Keangkuhan mendahului dan sering kali berakhir dengan kehinaan. Seorang pria di Norwegia mengalaminya. Tanpa mengenakan pakaian lari, pria ini dengan sombong menantang adu lari dengan Karsten Warholm, pemegang rekor dunia lari gawang 400 meter. Warholm, yang sedang berlatih di dalam ruangan sebuah fasilitas umum, menerima tantangan pria itu, dan dengan mudah mengalahkannya. Setelah melewati garis finis, juara dunia dua kali itu hanya tersenyum mendengar si pria congkak bersikeras bahwa ia salah langkah di awal lomba dan ingin mengulangnya!

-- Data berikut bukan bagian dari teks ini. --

(* Let $\mathcal{P}$ be a nondegenerate partial geometry $pg(s,t,t+1)$ with $s\ge 2t+1$. If the point graph of $\mathcal{P}$ is $3$-e.c., then $$s^2-(t^3+2t^2+2t)s+2t^4+4t^3+t^2-t\le 0.$$
   Context: A partial geometry $pg(s,t,\alpha)$ is an incidence structure of points and lines such that any two distinct points lie on at most one common line, every line contains exactly $s+1$ points, every point lies on exactly $t+1$ lines, and for every point $p$ and line $L$ with $p$ not on $L$ there are exactly $\alpha$ lines through $p$ meeting $L$. It is nondegenerate if $s\ge2$, $t\ge1$, $\alpha\ge1$. (A $pg(s,t,t+1)$ is the dual of a $2$-$(v,t+1,1)$ design.) The point graph has the points as vertices, two distinct points adjacent iff collinear. A graph with vertex set $V$ is $n$-e.c. if for every pair of disjoint subsets $A,B\subseteq V$ with $|A\cup B|=n$ (either may be empty) there is a vertex $z\notin A\cup B$ adjacent to every vertex of $A$ and to no vertex of $B$. *)

theory Defs
  imports Main
begin

definition partial_geometry ::
  "'a set \<Rightarrow> 'b set \<Rightarrow> ('a \<Rightarrow> 'b \<Rightarrow> bool) \<Rightarrow> nat \<Rightarrow> nat \<Rightarrow> nat \<Rightarrow> bool" where
  "partial_geometry P L I s t \<alpha> \<longleftrightarrow>
     P \<noteq> {} \<and>
     (\<forall>p\<in>P. \<forall>q\<in>P. p \<noteq> q \<longrightarrow> card {l\<in>L. I p l \<and> I q l} \<le> 1) \<and>
     (\<forall>l\<in>L. card {p\<in>P. I p l} = s + 1) \<and>
     (\<forall>p\<in>P. card {l\<in>L. I p l} = t + 1) \<and>
     (\<forall>p\<in>P. \<forall>l\<in>L. \<not> I p l \<longrightarrow>
        card {m\<in>L. I p m \<and> (\<exists>q\<in>P. I q m \<and> I q l)} = \<alpha>)"

definition nondegenerate_pg ::
  "'a set \<Rightarrow> 'b set \<Rightarrow> ('a \<Rightarrow> 'b \<Rightarrow> bool) \<Rightarrow> nat \<Rightarrow> nat \<Rightarrow> nat \<Rightarrow> bool" where
  "nondegenerate_pg P L I s t \<alpha> \<longleftrightarrow>
     partial_geometry P L I s t \<alpha> \<and> s \<ge> 2 \<and> t \<ge> 1 \<and> \<alpha> \<ge> 1"

definition point_graph_adj ::
  "'a set \<Rightarrow> 'b set \<Rightarrow> ('a \<Rightarrow> 'b \<Rightarrow> bool) \<Rightarrow> 'a \<Rightarrow> 'a \<Rightarrow> bool" where
  "point_graph_adj P L I p q \<longleftrightarrow> p \<in> P \<and> q \<in> P \<and> p \<noteq> q \<and> (\<exists>l\<in>L. I p l \<and> I q l)"

definition n_ec :: "nat \<Rightarrow> 'a set \<Rightarrow> ('a \<Rightarrow> 'a \<Rightarrow> bool) \<Rightarrow> bool" where
  "n_ec n V adj \<longleftrightarrow>
     (\<forall>A B. A \<subseteq> V \<longrightarrow> B \<subseteq> V \<longrightarrow> A \<inter> B = {} \<longrightarrow> finite (A \<union> B) \<longrightarrow> card (A \<union> B) = n \<longrightarrow>
        (\<exists>z\<in>V - (A \<union> B). (\<forall>a\<in>A. adj z a) \<and> (\<forall>b\<in>B. \<not> adj z b)))"

end

theory Submission
  imports Defs
begin

(* Let G be a pg(s,t,t+1), i.e. the dual of a 2-(v,t+1,1) design.  Any two lines
   meet, so G is finite with |L| = 1 + (s+1)t and |P|(t+1) = |L|(s+1); a point off
   a line l is collinear with exactly t+1 points of l.

   If the point graph is 3-e.c., it has two non-collinear points x, y.  They have
   exactly (t+1)^2 common neighbours C, and the set F of points equal to neither and
   adjacent to neither has at least |P| - 2 - 2(t+1)s + (t+1)^2 elements.  On the
   other hand, applying 3-e.c. to {x,y,z} shows that every z in F is collinear with
   some w in C, so F is covered by the lines through C avoiding x and y.  Such a
   line m carries s-2t-1 + |C \<inter> m| <= |C \<inter> m|(s-2t) points of F, and each w in C
   lies on at most t-1 of these lines, whence |F| <= (t+1)^2 (t-1)(s-2t).
   Comparing both bounds and eliminating |P| yields the quadratic inequality in s. *)

lemma double_count:
  assumes "finite A" "finite B"
  shows "(\<Sum>a\<in>A. card {b\<in>B. R a b}) = (\<Sum>b\<in>B. card {a\<in>A. R a b})"
proof -
  have "(\<Sum>a\<in>A. card {b\<in>B. R a b}) = (\<Sum>a\<in>A. \<Sum>b\<in>B. if R a b then 1 else 0)"
    using assms by (simp add: sum.If_cases Collect_conj_eq)
  also have "\<dots> = (\<Sum>b\<in>B. \<Sum>a\<in>A. if R a b then 1 else 0)" by (rule sum.swap)
  also have "\<dots> = (\<Sum>b\<in>B. card {a\<in>A. R a b})"
    using assms by (simp add: sum.If_cases Collect_conj_eq)
  finally show ?thesis .
qed

text \<open>A 3-e.c. graph on at least three vertices has two distinct non-adjacent vertices:
  some vertex is adjacent to none of three given ones.\<close>
lemma ec3_nonadjacent_pair:
  assumes ec: "n_ec 3 V adj" and V: "finite V" "card V \<ge> 3"
  shows "\<exists>x\<in>V. \<exists>y\<in>V. x \<noteq> y \<and> \<not> adj y x"
proof -
  obtain B where B: "B \<subseteq> V" "card B = 3" "finite B"
    using V obtain_subset_with_card_n by metis
  then obtain y where y: "y \<in> V - B" "\<forall>b\<in>B. \<not> adj y b"
    using ec[unfolded n_ec_def, rule_format, of "{}" B] by auto
  obtain x where "x \<in> B" using B(2) by fastforce
  then show ?thesis using y B(1) by (metis DiffE subsetD)
qed

lemma ec3_common_neighbour:
  assumes ec: "n_ec 3 V adj" and "x\<in>V" "y\<in>V" "z\<in>V" "x\<noteq>y" "x\<noteq>z" "y\<noteq>z"
  shows "\<exists>w\<in>V. adj w x \<and> adj w y \<and> adj w z"
  using ec[unfolded n_ec_def, rule_format, of "{x,y,z}" "{}"] assms by auto

locale dual_design_pg =
  fixes P :: "'a set" and L :: "'b set" and I :: "'a \<Rightarrow> 'b \<Rightarrow> bool" and s t :: nat
  assumes pg: "partial_geometry P L I s t (t+1)"
begin

definition pts :: "'b \<Rightarrow> 'a set" where "pts l = {p\<in>P. I p l}"
definition lns :: "'a \<Rightarrow> 'b set" where "lns p = {l\<in>L. I p l}"

abbreviation adj :: "'a \<Rightarrow> 'a \<Rightarrow> bool" where "adj \<equiv> point_graph_adj P L I"

definition nbhd :: "'a \<Rightarrow> 'a set" where "nbhd p = {q\<in>P. adj p q}"

lemma adj_iff: "adj p q \<longleftrightarrow> p\<in>P \<and> q\<in>P \<and> p\<noteq>q \<and> (\<exists>l\<in>L. I p l \<and> I q l)"
  unfolding point_graph_adj_def by simp

lemma adj_sym: "adj p q \<Longrightarrow> adj q p"
  unfolding adj_iff by blast

lemma P_nonempty: "P \<noteq> {}"
  using pg unfolding partial_geometry_def by blast

lemma pts_card: "l\<in>L \<Longrightarrow> card (pts l) = s+1"
  using pg unfolding partial_geometry_def pts_def by blast

lemma lns_card: "p\<in>P \<Longrightarrow> card (lns p) = t+1"
  using pg unfolding partial_geometry_def lns_def by blast

lemma pts_finite: "l\<in>L \<Longrightarrow> finite (pts l)"
  using pts_card card.infinite by fastforce

lemma lns_finite: "p\<in>P \<Longrightarrow> finite (lns p)"
  using lns_card card.infinite by fastforce

lemma point_on_some_line: "p\<in>P \<Longrightarrow> \<exists>l\<in>L. I p l"
  using lns_card[of p] unfolding lns_def
  by (metis (no_types, lifting) Collect_empty_eq card.empty add_is_0 one_neq_zero)

lemma line_has_point: "l\<in>L \<Longrightarrow> \<exists>p\<in>P. I p l"
  using pts_card[of l] unfolding pts_def
  by (metis (no_types, lifting) Collect_empty_eq card.empty add_is_0 one_neq_zero)

lemma unique_line:
  assumes "p\<in>P" "q\<in>P" "p\<noteq>q" "l\<in>L" "m\<in>L" "I p l" "I q l" "I p m" "I q m"
  shows "l = m"
proof -
  have fin: "finite {l\<in>L. I p l \<and> I q l}"
    using lns_finite[OF assms(1)] unfolding lns_def by (rule rev_finite_subset) auto
  have "card {l\<in>L. I p l \<and> I q l} \<le> 1"
    using pg assms(1-3) unfolding partial_geometry_def by blast
  with fin show ?thesis using card_le_Suc0_iff_eq[OF fin] assms by auto
qed

text \<open>Since \<open>\<alpha> = t+1\<close>, every line through a point p off l meets l.\<close>
lemma line_meets_line:
  assumes "p\<in>P" "l\<in>L" "\<not> I p l" "m\<in>L" "I p m"
  shows "\<exists>q\<in>P. I q m \<and> I q l"
proof -
  let ?S = "{m\<in>L. I p m \<and> (\<exists>q\<in>P. I q m \<and> I q l)}"
  have "card ?S = t+1" using pg assms unfolding partial_geometry_def by blast
  then have "?S = lns p"
    using lns_finite[OF assms(1)] lns_card[OF assms(1)]
    by (intro card_subset_eq) (auto simp: lns_def)
  then show ?thesis using assms unfolding lns_def by auto
qed

lemma any_two_lines_meet:
  assumes "l\<in>L" "m\<in>L"
  shows "\<exists>q\<in>P. I q l \<and> I q m"
  using line_has_point[OF assms(2)] line_meets_line[OF _ assms(1) _ assms(2)] by blast

text \<open>Finiteness is not assumed: every line meets a fixed line l0, so L is covered by
  the finitely many lines through the s+1 points of l0.\<close>
lemma L_finite: "finite L"
proof -
  obtain p0 l0 where l0: "p0\<in>P" "l0\<in>L" "I p0 l0"
    using P_nonempty point_on_some_line by blast
  have "L \<subseteq> (\<Union>q\<in>pts l0. lns q)"
    using any_two_lines_meet[OF l0(2)] unfolding pts_def lns_def by blast
  moreover have "finite (\<Union>q\<in>pts l0. lns q)"
    using pts_finite[OF l0(2)] lns_finite unfolding pts_def by auto
  ultimately show ?thesis by (rule finite_subset)
qed

lemma P_finite: "finite P"
proof -
  have "P \<subseteq> (\<Union>l\<in>L. pts l)" using point_on_some_line unfolding pts_def by blast
  moreover have "finite (\<Union>l\<in>L. pts l)" using L_finite pts_finite by auto
  ultimately show ?thesis by (rule finite_subset)
qed

lemma card_P_ge_3:
  assumes "s \<ge> 2"
  shows "card P \<ge> 3"
proof -
  obtain l where l: "l \<in> L" using P_nonempty point_on_some_line by blast
  have "card (pts l) \<le> card P"
    by (rule card_mono[OF P_finite]) (auto simp: pts_def)
  then show ?thesis using pts_card[OF l] assms by simp
qed

lemma flag_count: "card P * (t+1) = card L * (s+1)"
proof -
  have "(\<Sum>p\<in>P. card {l\<in>L. I p l}) = (\<Sum>l\<in>L. card {p\<in>P. I p l})"
    by (rule double_count[OF P_finite L_finite])
  then show ?thesis using lns_card pts_card unfolding lns_def pts_def by simp
qed

text \<open>Every line other than a fixed line \<open>l0\<close> meets \<open>l0\<close> in exactly one point.\<close>
lemma L_card: "card L = 1 + (s+1)*t"
proof -
  obtain p0 l0 where l0: "p0\<in>P" "l0\<in>L" "I p0 l0"
    using P_nonempty point_on_some_line by blast
  have partition: "L - {l0} = (\<Union>q\<in>pts l0. lns q - {l0})"
    using any_two_lines_meet[OF l0(2)] unfolding pts_def lns_def by blast
  have "card (\<Union>q\<in>pts l0. lns q - {l0}) = (\<Sum>q\<in>pts l0. card (lns q - {l0}))"
  proof (rule card_UN_disjoint)
    show "finite (pts l0)" using pts_finite[OF l0(2)] .
    show "\<forall>q\<in>pts l0. finite (lns q - {l0})" using lns_finite unfolding pts_def by auto
    show "\<forall>q\<in>pts l0. \<forall>q'\<in>pts l0. q \<noteq> q' \<longrightarrow> (lns q - {l0}) \<inter> (lns q' - {l0}) = {}"
      using unique_line l0(2) unfolding pts_def lns_def by blast
  qed
  also have "\<dots> = (\<Sum>q\<in>pts l0. t)"
    using l0(2) lns_card lns_finite by (intro sum.cong) (auto simp: pts_def lns_def)
  also have "\<dots> = (s+1)*t" using pts_card[OF l0(2)] by simp
  finally have "card (L - {l0}) = (s+1)*t" using partition by simp
  moreover have "card L > 0" using l0(2) L_finite by (auto simp: card_gt_0_iff)
  ultimately show ?thesis using l0(2) L_finite by (simp add: card_Diff_singleton_if)
qed

text \<open>A point p off a line l is collinear with exactly t+1 points of l: the t+1 lines
  through p each meet l, in distinct points.\<close>
lemma points_seen_on_line:
  assumes p: "p\<in>P" and l: "l\<in>L" and npl: "\<not> I p l"
  shows "card {q\<in>pts l. adj p q} = t+1"
proof -
  define meet where "meet m = (SOME q. q\<in>P \<and> I q m \<and> I q l)" for m
  have meet: "meet m \<in> P \<and> I (meet m) m \<and> I (meet m) l" if "m \<in> lns p" for m
    unfolding meet_def
    by (rule someI_ex) (use line_meets_line[OF p l npl] that in \<open>auto simp: lns_def\<close>)
  have meet_ne: "meet m \<noteq> p" if "m \<in> lns p" for m
    using meet[OF that] npl by auto
  have "bij_betw meet (lns p) {q\<in>pts l. adj p q}"
  proof (rule bij_betw_imageI)
    show "inj_on meet (lns p)"
    proof (rule inj_onI)
      fix m m' assume "m \<in> lns p" "m' \<in> lns p" "meet m = meet m'"
      then have "meet m \<in> P" "meet m \<noteq> p" "I (meet m) m" "I (meet m) m'"
        using meet[of m] meet[of m'] meet_ne[of m] by auto
      then show "m = m'"
        using unique_line[OF p, of "meet m" m m'] \<open>m \<in> lns p\<close> \<open>m' \<in> lns p\<close>
        by (auto simp: lns_def)
    qed
    show "meet ` lns p = {q\<in>pts l. adj p q}"
    proof
      show "meet ` lns p \<subseteq> {q\<in>pts l. adj p q}"
        using meet meet_ne p by (auto simp: lns_def pts_def adj_iff)
      show "{q\<in>pts l. adj p q} \<subseteq> meet ` lns p"
      proof
        fix q assume q: "q \<in> {q\<in>pts l. adj p q}"
        then obtain m where m: "m\<in>L" "I p m" "I q m" and qP: "q\<in>P" "I q l" "q \<noteq> p"
          by (auto simp: adj_iff pts_def)
        then have "m \<in> lns p" by (simp add: lns_def)
        moreover have "meet m = q"
        proof (rule ccontr)
          assume "meet m \<noteq> q"
          then have "m = l"
            using unique_line[of "meet m" q m l] meet[OF \<open>m \<in> lns p\<close>] m qP l by auto
          then show False using m npl by simp
        qed
        ultimately show "q \<in> meet ` lns p" by blast
      qed
    qed
  qed
  then show ?thesis using bij_betw_same_card lns_card[OF p] by fastforce
qed

lemma nbhd_subset: "nbhd p \<subseteq> P"
  unfolding nbhd_def by auto

lemma nbhd_finite: "finite (nbhd p)"
  using nbhd_subset P_finite by (rule finite_subset)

Di Amsal 29:23, kita membaca, “Keangkuhan merendahkan orang, tetapi orang yang rendah hati, menerima pujian.” Cara Allah berurusan dengan orang yang congkak adalah salah satu tema kesukaan Salomo dalam Kitab Amsal (11:2; 16:18; 18:12). Kata keangkuhan, kecongkakan, atau tinggi hati dalam ayat-ayat ini berarti “membusungkan dada” atau “membesar-besarkan diri”—merasa berjasa atas apa yang sesungguhnya adalah jasa Allah. Ketika dipenuhi kesombongan, kita menganggap diri kita lebih tinggi daripada yang seharusnya. Yesus pernah berkata, “Barangsiapa meninggikan diri, ia akan direndahkan dan barangsiapa merendahkan diri, ia akan ditinggikan” (Mat. 23:12). Baik Yesus maupun Salomo mendorong kita untuk sungguh-sungguh mengejar kerendahan hati. Ini bukanlah kerendahan hati yang pura-pura, melainkan kesadaran untuk mengukur diri dengan tepat dan mengakui bahwa segala sesuatu yang kita miliki berasal dari Allah. Kita memilih untuk bersikap bijak dan tidak “berbicara tanpa berpikir dahulu” (Ams. 29:20 BIMK).
Marilah meminta Allah agar memberi kita hati dan hikmat untuk merendahkan diri, agar Allah dimuliakan dan kita pun tidak dipermalukan.